El Coqui, Puerto Rico
El Coqui, Puerto Rico. Image credit – Roberto Lee Fanfan Cortes

#17. Unique Frog: A frog from the island, “Coqui,” is found only in Puerto Rico. It produces a distinct, high-pitched sound – “ko-kee, ko-kee” – especially at night. The frog is also the unofficial national symbol of the country. Sadly, it is a threatened species now.

#18. Forest without snakes and bears: Puerto Rico also has the only tropical rainforest in the U.S. Forest System – El Yunque. And you may be surprised to learn that this forest is free from snakes, bears and threatening animals of any kind!

#19. A barkless dog: Interestingly, Puerto Rico is void of any naturally existing land mammals. Present-day mammals including horses, cattle, cats, and dogs, have all been introduced to the island from elsewhere. A barkless dog once existed on the island, but it is extinct today.

#20. Holiday shoppers beware: the “Plaza Las Americas” mall in San Juan is one of the most profitable malls per square foot in the world.

#21. The Bacardi rum factory (est. 1862) in San Juan, is the largest rum distillery in the world (producing more 100,000 liters of rum every 24 hours). The distillery contributes nearly 85% of Bacardi’s total rum production, and the remainder is produced from the distilleries in Mexico and India.

#22. Visitor’s Paradise: An estimated five million people visit Puerto Rico’s capital, San Juan, each year.

#23. Not a country: Puerto Rico is considered as a country by many; however, the fact is that it is not a country in itself. It is a territory of the United States.

#24. Puerto Rico does not observe Daylight Saving Time.

#25. Tax benefits and cuisines: Puerto Rico is a popular travel destination for tourists from around the world because of its attractive tax incentives and traditional cuisines.

#26. Out of the many national holidays that Puerto Ricans observe, quite a few are held on Mondays, so that citizens can enjoy a long weekend. Pretty smart, aren’t they!

#27. San Juan has also been called one of the world’s busiest cruise-ship ports.

#28. Arroz con Gandules, the national dish of Puerto Rico, is typically enjoyed by its residents during every festival and celebration.

#29. Spanish influence: the island was ruled by the Spanish for nearly 400 years.

#30. Puerto Rico is overwhelmingly Spanish speaking.

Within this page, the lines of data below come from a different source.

lemma pmf_diff_dist:
  fixes p q :: "'a::ab_group_add pmf"
  assumes "finite (set_pmf p)"
  shows "pmf (diff_dist p q) z = (\<Sum>x\<in>set_pmf p. pmf p x * pmf q (x - z))"
proof -
  have "pmf (map_pmf ((-) x) q) z = pmf q (x - z)" for x
    using pmf_map_inj'[of "(-) x" q "x - z"] by (simp add: inj_def)
  then show ?thesis
    unfolding diff_dist_eq_bind pmf_bind
    by (subst integral_measure_pmf[OF assms]) (auto simp: mult.commute)
qed

lemma set_pmf_sum_dist: "set_pmf (sum_dist p q) = (\<lambda>(x, y). x + y) ` (set_pmf p \<times> set_pmf q)"
  by (simp add: sum_dist_def)

lemma set_pmf_diff_dist: "set_pmf (diff_dist p q) = (\<lambda>(x, y). x - y) ` (set_pmf p \<times> set_pmf q)"
  by (simp add: diff_dist_def)

lemma add_mem_set_pmf_sum_dist:
  "x \<in> set_pmf p \<Longrightarrow> y \<in> set_pmf q \<Longrightarrow> x + y \<in> set_pmf (sum_dist p q)"
  unfolding set_pmf_sum_dist by force

lemma finite_set_pmf_sum_dist:
  "finite (set_pmf p) \<Longrightarrow> finite (set_pmf q) \<Longrightarrow> finite (set_pmf (sum_dist p q))"
  by (simp add: set_pmf_sum_dist)

lemma finite_set_pmf_diff_dist:
  "finite (set_pmf p) \<Longrightarrow> finite (set_pmf q) \<Longrightarrow> finite (set_pmf (diff_dist p q))"
  by (simp add: set_pmf_diff_dist)

lemma sum_reindex_nonzero:
  fixes K :: "'b \<Rightarrow> 'c::comm_monoid_add"
  assumes "finite V" "finite A"
    and "\<And>a. a \<in> A \<Longrightarrow> K a \<noteq> 0 \<Longrightarrow> \<psi> a \<in> V \<and> \<phi> (\<psi> a) = a"
    and "\<And>v. v \<in> V \<Longrightarrow> K (\<phi> v) \<noteq> 0 \<Longrightarrow> \<phi> v \<in> A \<and> \<psi> (\<phi> v) = v"
  shows "(\<Sum>v\<in>V. K (\<phi> v)) = (\<Sum>a\<in>A. K a)"
  by (rule sum.reindex_bij_witness_not_neutral[where S'="{v\<in>V. K (\<phi> v) = 0}"
        and T'="{a\<in>A. K a = 0}" and i=\<psi> and j=\<phi>]) (use assms in auto)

The U.S. government has failed to establish English as the dominant language despite several efforts.

#31. Citizenship: Juan Mari Brás was the first person to receive Puerto Rican citizenship. He received the citizenship certificate from the Puerto Rico Department of State on October 25, 2006. The government has since been granting Puerto Rican citizenship to people born in Puerto Rico and to those who have at least one parent who was born in Puerto Rico, and also to those who have lived at least one year in Puerto Rico and are an American citizen.

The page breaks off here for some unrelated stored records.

lemma mean_l1_norm_Bint_Pcirc_tendsto:
  assumes "0 < p"
  shows "(\<lambda>d. real_of_int (\<Sum>x\<in>Bint d p \<inter> Pcirc d. l1_norm x) / real (card (Bint d p \<inter> Pcirc d)))
    \<longlonglongrightarrow> real p"
proof -
  define c where "c d = real (card (Bint d p \<inter> Pcirc d))" for d
  define S where "S d = real_of_int (\<Sum>x\<in>Bint d p \<inter> Pcirc d. l1_norm x)" for d
  define B where "B d = real (card (Bint d (p - 1)))" for d
  have upper: "S d \<le> real p * c d" for d
  proof -
    have "(\<Sum>x\<in>Bint d p \<inter> Pcirc d. l1_norm x) \<le> int p * int (card (Bint d p \<inter> Pcirc d))"
      by (rule sum_l1_norm_le) blast
    then have "S d \<le> real_of_int (int p * int (card (Bint d p \<inter> Pcirc d)))"
      unfolding S_def by (simp only: of_int_le_iff)
    then show ?thesis
      by (simp add: c_def)
  qed
  have lower: "real p * c d \<le> S d + real p * B d" for d
  proof -
    have "int p * int (card (Bint d p \<inter> Pcirc d))
        \<le> (\<Sum>x\<in>Bint d p \<inter> Pcirc d. l1_norm x) + int p * int (card (Bint d (p - 1)))"
      by (rule card_le_sum_l1_norm) (auto simp: finite_Bint)
    then have "real_of_int (int p * int (card (Bint d p \<inter> Pcirc d)))
        \<le> S d + real_of_int (int p * int (card (Bint d (p - 1))))"
      unfolding S_def by (simp only: of_int_le_iff of_int_add[symmetric])
    then show ?thesis
      by (simp add: c_def B_def)
  qed
  have c_pos: "\<forall>\<^sub>F d in sequentially. 0 < c d"
    using eventually_ge_at_top[of p]
  proof eventually_elim
    case (elim d)
    then show ?case
      using order.strict_trans2[OF zero_less_binomial[OF elim] binomial_le_card_Bint_Pcirc[OF assms]]
      by (simp add: c_def)
  qed
  have "(\<lambda>d. S d / c d) \<longlonglongrightarrow> real p"
  proof (rule tendsto_sandwich[of "\<lambda>d. real p - real p * (B d / c d)" _ _ "\<lambda>_. real p"])
    show "\<forall>\<^sub>F d in sequentially. real p - real p * (B d / c d) \<le> S d / c d"
      using c_pos
    proof eventually_elim
      case (elim d)
      have "real p - real p * (B d / c d) = (real p * c d - real p * B d) / c d"
        using elim by (simp add: field_simps)
      also have "\<dots> \<le> S d / c d"
        using lower[of d] elim by (intro divide_right_mono) auto
      finally show ?case .
    qed
    show "\<forall>\<^sub>F d in sequentially. S d / c d \<le> real p"
      using c_pos by eventually_elim (use upper in \<open>simp add: divide_le_eq\<close>)
    have "(\<lambda>d. real p - real p * (B d / c d)) \<longlonglongrightarrow> real p - real p * 0"
      unfolding B_def c_def by (intro tendsto_intros card_Bint_pred_over_card_Bint_Pcirc_tendsto_0 assms)
    then show "(\<lambda>d. real p - real p * (B d / c d)) \<longlonglongrightarrow> real p"
      by simp
  qed simp
  then show ?thesis
    by (simp add: S_def c_def)
qed

theorem theorem7p4:
  fixes p :: nat
  assumes "p > 0"
  shows "(\<lambda>d. (1 / real d) * (real (card (Bint d p \<inter> Pcirc d))
            / real_of_int (kappa d (Bint d p \<inter> Pcirc d)))) \<longlonglongrightarrow> 1 / real p"
proof -
  let ?X = "\<lambda>d. Bint d p \<inter> Pcirc d"
  have "(\<lambda>d. inverse (real_of_int (\<Sum>x\<in>?X d. l1_norm x) / real (card (?X d)))) \<longlonglongrightarrow> inverse (real p)"
    using assms by (intro tendsto_inverse mean_l1_norm_Bint_Pcirc_tendsto) auto
  then have "(\<lambda>d. real (card (?X d)) / real_of_int (\<Sum>x\<in>?X d. l1_norm x)) \<longlonglongrightarrow> 1 / real p"
    by (simp add: inverse_eq_divide)
  moreover have "\<forall>\<^sub>F d in sequentially. real (card (?X d)) / real_of_int (\<Sum>x\<in>?X d. l1_norm x)
      = (1 / real d) * (real (card (?X d)) / real_of_int (kappa d (?X d)))"
    using eventually_gt_at_top[of 0]
  proof eventually_elim
    case (elim d)
    then have "real_of_int (\<Sum>x\<in>?X d. l1_norm x) = real d * real_of_int (kappa d (?X d))"
      using kappa_Bint_Pcirc[OF elim, of p] by (metis of_int_mult of_int_of_nat_eq)
    then show ?case
      by simp
  qed
  ultimately show ?thesis
    by (rule Lim_transform_eventually)
qed

end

#32. It is the largest insular territory of the U.S.

#33. Voting: Puerto Rico does not have a vote in the U.S. Congress. They cannot even vote for the President or the Vice President of the U.S.

#34. It is also called “the land of the Valiant Lord.”

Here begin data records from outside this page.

lemma At_Suc:
  assumes "0 < p" "p \<le> 1 - p"
  shows "At p (Suc k) z = (1 - exp (- (complex_of_real p * z))) * At p k (complex_of_real p * z) +
    exp (- (complex_of_real p * z)) * At p (Suc k) (complex_of_real (1 - p) * z)"
proof -
  let ?pz = "complex_of_real p * z" and ?qz = "complex_of_real (1 - p) * z"
  let ?F = "egf (pX p k) ?pz" and ?G = "egf (pX p (Suc k)) ?qz"
  have ring: "e * (G + F * (a - b)) = (e * a) * F - (e * b) * F + e * G" for e G F a b :: complex
    by (simp add: algebra_simps)
  have "At p (Suc k) z = (exp (- z) * exp ?qz) * ?F -
      (exp (- z) * exp (complex_of_real (1 - p - p) * z)) * ?F + exp (- z) * ?G"
    unfolding At_eq_egf egf_pX_Suc[OF assms, of k z] by (rule ring)
  also have "exp (- z) = exp (- ?pz) * exp (- ?qz)"
    by (simp add: exp_add[symmetric] algebra_simps)
  also have "exp (- ?pz) * exp (- ?qz) * exp ?qz = exp (- ?pz)"
    by (simp add: exp_add[symmetric])
  also have "exp (- ?pz) * exp (- ?qz) * exp (complex_of_real (1 - p - p) * z) = exp (- ?pz) * exp (- ?pz)"
    by (simp add: exp_add[symmetric] algebra_simps)
  finally show ?thesis
    unfolding At_eq_egf[of p k ?pz] At_eq_egf[of p "Suc k" ?qz] left_diff_distrib mult_1_left
    by (simp only: mult.assoc)
qed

#35. San Juan is Puerto Rico’s most populous city.

#36. English speakers, but not advanced: nearly 90% of Puerto Rico’s population cannot speak English at an advanced level.

#37. Puerto Ricans pay no income tax.

#38. The President of the United States of America is the chief of the state of Puerto Rico. It is a commonwealth associated with the United States.

#39. If you are a U.S. citizen visiting Puerto Rico, note that there is no visa requirement for you. However, those who are from the outside of the U.S. need to follow the requirements that are set for entering the U.S.

#40. Over the years, Puerto Rico has produced five Miss Universe winners.